In the course of researching a new malware sample unrelated to fakealerts — an installer of Trojan-Downloader-Dermo on a page purportedly offering an update to Windows Media Player — I observed one common fakealert script as it ran soon after the testbed PC was infected. I was able to reconstruct its modus operandi.

Trojan-Downloader-Dermo installers closely correlate with infections from a spy we call Adware-Sabotch. That was true in this case, as well: Dermo downloaded Sabotch, which in turn opens a hidden IE browser session and periodically loads online ads from legitmate ad serving companies. In this capacity, Sabotch is a tool to engage in clickfraud. But occasionally, it also loads pages known to host various browser exploits. This morning, Sabotch happened to visit a drive-by fakealert page, so I followed that rabbit hole to see where it would lead.
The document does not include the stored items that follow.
lemma smad_descent:
  fixes \<Phi> H :: "'a::real_inner \<Rightarrow> real"
  assumes conv_minus: "convex_on S (\<lambda>x. L * \<Phi> x - H x)"
    and conv_plus: "convex_on S (\<lambda>x. L * \<Phi> x + H x)"
    and S: "y \<in> S" "u \<in> S" "w \<in> S"
    and \<Phi>: "(\<Phi> has_derivative (\<lambda>h. \<Phi>' y \<bullet> h)) (at y)"
    and H: "(H has_derivative (\<lambda>h. q \<bullet> h)) (at y)"
  shows "H u \<le> H w + q \<bullet> (u - w) + L * bregman_dist \<Phi> \<Phi>' u y + L * bregman_dist \<Phi> \<Phi>' w y"
proof -
  have "((\<lambda>x. L * \<Phi> x - H x) has_derivative (\<lambda>h. (L *\<^sub>R \<Phi>' y - q) \<bullet> h)) (at y)"
    using \<Phi> H by (auto intro!: derivative_eq_intros simp: algebra_simps inner_diff_left)
  from convex_on_above_tangent[OF conv_minus S(1,2) this]
  have "L * \<Phi> y - H y + (L *\<^sub>R \<Phi>' y - q) \<bullet> (u - y) \<le> L * \<Phi> u - H u" .
  moreover have "((\<lambda>x. L * \<Phi> x + H x) has_derivative (\<lambda>h. (L *\<^sub>R \<Phi>' y + q) \<bullet> h)) (at y)"
    using \<Phi> H by (auto intro!: derivative_eq_intros simp: algebra_simps inner_add_left)
  from convex_on_above_tangent[OF conv_plus S(1,3) this]
  have "L * \<Phi> y + H y + (L *\<^sub>R \<Phi>' y + q) \<bullet> (w - y) \<le> L * \<Phi> w + H w" .
  ultimately show ?thesis
    unfolding bregman_dist_def
    by (simp add: inner_diff_left inner_add_left inner_diff_right algebra_simps)
qed

lemma bregman_prox_three_point:
  fixes \<Phi> R :: "'a::real_inner \<Rightarrow> real"
  assumes conv: "convex_on S R" and S: "x \<in> S" "z \<in> S" and lam: "lam > 0"
    and \<Phi>: "(\<Phi> has_derivative (\<lambda>h. \<Phi>' x \<bullet> h)) (at x)"
    and min: "\<And>w. w \<in> S \<Longrightarrow> a \<bullet> (x - y) + R x + (1 / lam) * bregman_dist \<Phi> \<Phi>' x y
                              \<le> a \<bullet> (w - y) + R w + (1 / lam) * bregman_dist \<Phi> \<Phi>' w y"
  shows "lam * (R x - R z) \<le> lam * (a \<bullet> (z - x))
           + bregman_dist \<Phi> \<Phi>' z y - bregman_dist \<Phi> \<Phi>' z x - bregman_dist \<Phi> \<Phi>' x y"
proof -
  define F where "F w = a \<bullet> (w - y) + (1 / lam) * bregman_dist \<Phi> \<Phi>' w y" for w
  have "(F has_derivative (\<lambda>h. (a + (1 / lam) *\<^sub>R (\<Phi>' x - \<Phi>' y)) \<bullet> h)) (at x)"
    unfolding F_def bregman_dist_def using \<Phi> lam
    by (auto intro!: derivative_eq_intros simp: algebra_simps inner_diff_left inner_add_left)
  from convex_sum_min_variational_ineq[OF conv S this]
  have "R x - R z \<le> (a + (1 / lam) *\<^sub>R (\<Phi>' x - \<Phi>' y)) \<bullet> (z - x)"
    using min by (simp add: F_def algebra_simps)
  hence "lam * (R x - R z) \<le> lam * ((a + (1 / lam) *\<^sub>R (\<Phi>' x - \<Phi>' y)) \<bullet> (z - x))"
    using lam by (simp add: mult_left_mono)
  also have "\<dots> = lam * (a \<bullet> (z - x)) + (\<Phi>' x - \<Phi>' y) \<bullet> (z - x)"
    using lam by (simp add: inner_add_left distrib_left)
  finally show ?thesis
    using bregman_dist_three_point[of \<Phi> \<Phi>' z y x] by simp
qed

lemma grad_eqI:
  assumes "((\<lambda>y. real_of_ereal (F y)) has_derivative (\<lambda>h. v \<bullet> h)) (at x)"
  shows "grad F x = v"
  unfolding grad_def
proof (rule the_equality)
  fix w assume "((\<lambda>y. real_of_ereal (F y)) has_derivative (\<lambda>h. w \<bullet> h)) (at x)"
  from has_derivative_unique[OF assms this] have "v \<bullet> (v - w) = w \<bullet> (v - w)"
    by metis
  hence "(v - w) \<bullet> (v - w) = 0" by (simp add: inner_diff_left)
  thus "w = v" by simp
qed (rule assms)

lemma C1_on_finite: "C1_on C f \<Longrightarrow> x \<in> C \<Longrightarrow> \<bar>f x\<bar> \<noteq> \<infinity>"
  unfolding C1_on_def by simp
(* Fix $\delta_1,\delta_2>0$ small with $\delta_1/\delta_2\in\mathbb{N}$ and $\delta_2<\delta_1^3$. There exists a function $g$ such that for all $k\in\mathbb{N}$, $\varepsilon>0$, every $m\in\mathbb{N}\cup\{\infty\}$ with $m>g(k,\varepsilon)$, and every group homomorphism $f:\ell^1(\mathbb{N}_{\le m};\mathbb{R}/\mathbb{Z})\to(\mathbb{R}/\mathbb{Z})^k$, there exists $s\in S_m$ with $|f(s)|<\varepsilon$ (i.e. $S_m$ meets the Bohr set $\{b: |f(b)|<\varepsilon\}$).
   Context: $\|x\|_{\mathbb{R}/\mathbb{Z}}$ is the distance from $x$ to the nearest integer. For $m\in\mathbb{N}$, $\ell^1(\mathbb{N}_{\le m};\mathbb{R}/\mathbb{Z})$ is the group $(\mathbb{R}/\mathbb{Z})^m$ with norm $\sum_{i\le m}\|a_i\|_{\mathbb{R}/\mathbb{Z}}$; for $m=\infty$ it is $\ell^1(\mathbb{N};\mathbb{R}/\mathbb{Z})$, the group of sequences $(a_1,a_2,\dots)$ in $\mathbb{R}/\mathbb{Z}$ with $\sum_i\|a_i\|_{\mathbb{R}/\mathbb{Z}}<\infty$ under coordinatewise addition. For $y\in(\mathbb{R}/\mathbb{Z})^k$, $|y|$ is the maximum of the $\mathbb{R}/\mathbb{Z}$-norms of its coordinates. Let $\eta_m=2^{-100m}$ for $m\in\mathbb{N}$ and $\eta_\infty=0$. $S_m$ is the set of $(a_1,a_2,\dots)\in\ell^1(\mathbb{N}_{\le m};\mathbb{R}/\mathbb{Z})$ for which there is an index $i$ with: (1) $a_i\in(-\delta_1-(2-\eta_m)\delta_2,\,-\delta_1+(2-\eta_m)\delta_2)\subset\mathbb{R}/\mathbb{Z}$; (2) for all $j\ne i$, $a_j\in(-(2-\eta_m)\delta_2,(2-\eta_m)\delta_2)\subset\mathbb{R}/\mathbb{Z}$; (3) $\delta_1-(2-\eta_m)\delta_2<\sum_{j\ne i}\|a_j\|_{\mathbb{R}/\mathbb{Z}}<\delta_1+(2-\eta_m)\delta_2$. *)

theory Defs
  imports "HOL-Library.Extended_Nat" Complex_Main
begin

quotient_type rz = real / "\<lambda>x y. x - y \<in> \<int>"
  morphisms rep_rz rz_of
proof (rule equivpI)
  show "reflp (\<lambda>x y :: real. x - y \<in> \<int>)" by (auto intro: reflpI)
  show "symp (\<lambda>x y :: real. x - y \<in> \<int>)"
    by (rule sympI) (metis Ints_minus minus_diff_eq)
  show "transp (\<lambda>x y :: real. x - y \<in> \<int>)"
    by (rule transpI) (metis Ints_add diff_add_cancel add_diff_eq)
qed

instantiation rz :: ab_group_add
begin
lift_definition zero_rz :: rz is "0 :: real" .
lift_definition plus_rz :: "rz \<Rightarrow> rz \<Rightarrow> rz" is "(+) :: real \<Rightarrow> real \<Rightarrow> real"
  by (metis Ints_add add_diff_add)
lift_definition uminus_rz :: "rz \<Rightarrow> rz" is "uminus :: real \<Rightarrow> real"
  by (metis Ints_minus minus_diff_eq minus_diff_minus)
lift_definition minus_rz :: "rz \<Rightarrow> rz \<Rightarrow> rz" is "(-) :: real \<Rightarrow> real \<Rightarrow> real"
proof -
  fix a b c d :: real assume "a - b \<in> \<int>" "c - d \<in> \<int>"
  then have "(a - b) - (c - d) \<in> \<int>" by (rule Ints_diff)
  then show "a - c - (b - d) \<in> \<int>" by (simp add: algebra_simps)
qed
instance
  by standard (transfer; simp add: algebra_simps)+
end

lift_definition rznorm :: "rz \<Rightarrow> real" is "\<lambda>x. \<bar>x - of_int (round x)\<bar>"
proof -
  fix x y :: real assume "x - y \<in> \<int>"
  then obtain n where n: "x = y + of_int n" by (metis Ints_cases add_diff_cancel_left' diff_add_cancel add.commute)
  have "round x = round y + n" unfolding n round_def
    by (metis add.commute add.left_commute floor_add_int)
  then show "\<bar>x - of_int (round x)\<bar> = \<bar>y - of_int (round y)\<bar>" using n by simp
qed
The initial fakealert page loaded two script files and contained more than 41KB of what looked like garbage. This was the first chunk of obfuscated script.

Luckily for me, the authors provided all the clues I needed to decode the contents: The two script files contained the scripts that (a) decrypted text that was encrypted using the TEA encryption algorithm, and (b) decoded the result, which was base64-encoded text. They even helpfully included the password, “test.” Thanks, guys.

It turns out that this large chunk of encoded text contains the stylesheet and some of the HTML code used to engineer the look and feel of the fakealert page. Along with the scripts, the fakealert uses a few image files that contain all of the visual elements the fakealert displays on what the fakealert creators call the Central Landing page. The stylesheet defines portions of these image files that contain the desired icon or user interface element. Here’s what some of these elements and icons look like:

According to the text, this flavor-of-the-week rogue is named Windows Web Security. It even includes the following helpful (sic) description for some of its fake results:

“Spyware is software, which can gather information from user’s computer throught Internet connection and send them to its creater. Gather information can be passwords, e-mail adresses and all that data, which is important for you.”

Glad we cleared that up.

Most importantly, that script contains the URL of the download link to the rogue installer.

When a victim clicks anywhere within the page, the script will push that file at the user. It also loads yet another script, called scn3.js — and as you can guess by the filename, that script contains the bogus text of the “scan results” that appear when you permit the script to run.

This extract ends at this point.